Время растеклось, оно запечатало само себя. Назовем это временем. Ударьте в барабаны громче. Китайцам нравится, что я разделяю их простую жизнь и эту видимость традиции. Они дарят мне конфеты. Мы поздравляем друг друга. Я отдаю конфеты ребенку, который смотрит на меня, раскрыв рот. Мне суют ещё, ой, это что-то уже много. Конфеты, орехи, каштаны. Мы опять поздравляем друг друга.
– Я не забыл… мне так трудно говорить о чувствах, но скоро я отвечу, – пишет мой друг. Я представляю себе, как он сидит, в английском университетском отеле, завернувшись в плед, согнувшись, у стола, и темно в комнате, и горит небольшая лампа, а в зеркале отражаются лишь белки его глаз. Я представляю себе часы Дали, стекающие со столика, с книжного шкафа, с кровати. Теперь они больше не кажутся мне претенциозными. О чувствах не нужно говорить. Они скажут о себе сами. Пропоют свои гимны и свои серенады, пролепечут, проворкуют, прошепчут, простонут, провоют, проревут, прорычат, прохохочут, прорыдают. Они ударят в барабаны и замолчат навсегда.
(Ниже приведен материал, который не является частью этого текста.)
lemma continuous_on_Psi: "continuous_on {0<..} Psi"
  by (rule DERIV_continuous_on[of _ _ "\<lambda>x. 1 - Psi x / x - (Psi x)^2"])
     (use DERIV_Psi in \<open>auto intro: has_field_derivative_at_within\<close>)

section \<open>A comparison principle\<close>

lemma positive_if_increasing_at_zeros:
  fixes f :: "real \<Rightarrow> real"
  assumes cont: "continuous_on {a<..} f"
    and up: "\<And>t. a < t \<Longrightarrow> f t = 0 \<Longrightarrow> \<exists>d>0. (f has_real_derivative d) (at t)"
    and near: "eventually (\<lambda>t. f t > 0) (at_right a)"
    and "a < x"
  shows "f x > 0"
proof (rule ccontr)
  assume "\<not> f x > 0"
  \<comment> \<open>\<open>f\<close> has a least zero \<open>m\<close> in \<open>[e, x]\<close>; it is negative just left of \<open>m\<close>, so by the
    intermediate value theorem there is a smaller zero\<close>
  obtain b where b: "b > a" "\<And>t. a < t \<Longrightarrow> t < b \<Longrightarrow> f t > 0"
    using near by (auto simp: eventually_at_right_field)
  define e where "e = a + min (b - a) (x - a) / 2"
  have "a < e" "e < x" "e < b"
    using b(1) \<open>a < x\<close> by (auto simp: e_def min_def field_simps)
  with b(2) have e: "a < e" "e < x" "f e > 0" by auto
  have cont_e: "continuous_on {e..y} f" for y
    by (rule continuous_on_subset[OF cont]) (use e in auto)
  define Z where "Z = {t \<in> {e..x}. f t = 0}"
  have "Z \<noteq> {}"
    using IVT2'[of f x 0 e] \<open>\<not> f x > 0\<close> e cont_e by (auto simp: Z_def)
  moreover have "bdd_below Z" by (auto simp: Z_def intro: bdd_belowI[of _ e])
  moreover have "closed Z"
    unfolding Z_def by (rule continuous_closed_preimage_constant[OF cont_e]) simp
  ultimately have "Inf Z \<in> Z" and Inf_le: "\<And>t. t \<in> Z \<Longrightarrow> Inf Z \<le> t"
    by (simp_all add: closed_contains_Inf cInf_lower)
  define m where "m = Inf Z"
  have "f m = 0" "e \<le> m" "m \<le> x"
    using \<open>Inf Z \<in> Z\<close> by (auto simp: m_def Z_def)
  with e(3) have m: "f m = 0" "e < m" "m \<le> x"
    by (auto simp: order.order_iff_strict)
  have "a < m" using e(1) m(2) by linarith
  then obtain d where d: "(f has_real_derivative d) (at m)" "d > 0"
    using up m(1) by blast
  from DERIV_pos_inc_left[OF d] m(1) obtain dh
    where dh: "dh > 0" "\<And>h. h > 0 \<Longrightarrow> h < dh \<Longrightarrow> f (m - h) < 0"
    by auto
  define h where "h = min dh (m - e) / 2"
  have h: "0 < h" "h < dh" "e < m - h"
    using dh(1) m(2) by (auto simp: h_def min_def field_simps)
  have "f (m - h) \<le> 0" using dh(2)[OF h(1,2)] by simp
  then obtain t where t: "e \<le> t" "t \<le> m - h" "f t = 0"
    using IVT2'[of f "m - h" 0 e, OF _ _ _ cont_e] e(3) h(3) by auto
  then have "t \<in> Z" using m(3) h(1) by (auto simp: Z_def)
  then have "m \<le> t" unfolding m_def by (rule Inf_le)
  with t(2) h(1) show False by linarith
qed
Не существует никакого «скоро» – однажды настает момент – и мы сворачиваем время, как обесточенные провода, мы втягиваем его обратно в рулетку, выбрасываем его как ветошь, выливаем, как помои, мы его взрываем – и оно осыпается красными лепестками. Дырка на сыре Камамбер разрослась и съела его весь без остатка. Время истекло, истекло нашим жарким дыханием и нашими слезами, выплаканными и нет, истекло нашими ожиданиями и нашим раздражением. Оно истекло, беременное нашими тайнами, боясь некрасивости наших признаний. Оно прорвало барьер нашего непонимания и бессилия, нашего эгоизма и лжи, наших правил и стереотипов, похоти и разочарования, оно сломало ворота и убежало в никуда. Мы встретились там, где его не было уже. Мы стали спрашивать друг друга о нём, мы обнаружили его следы, мы взялись за руки, и ты коснулся моей груди, а я твоего плеча, и ты надел очки, чтобы разглядеть его получше, а я приготовила объятья, чтобы ухватить его покрепче, но оно было уже далеко… уже не здесь… Твоё лицо расплылось, оно стало расплавленными часами и я не могу больше удерживать его в памяти…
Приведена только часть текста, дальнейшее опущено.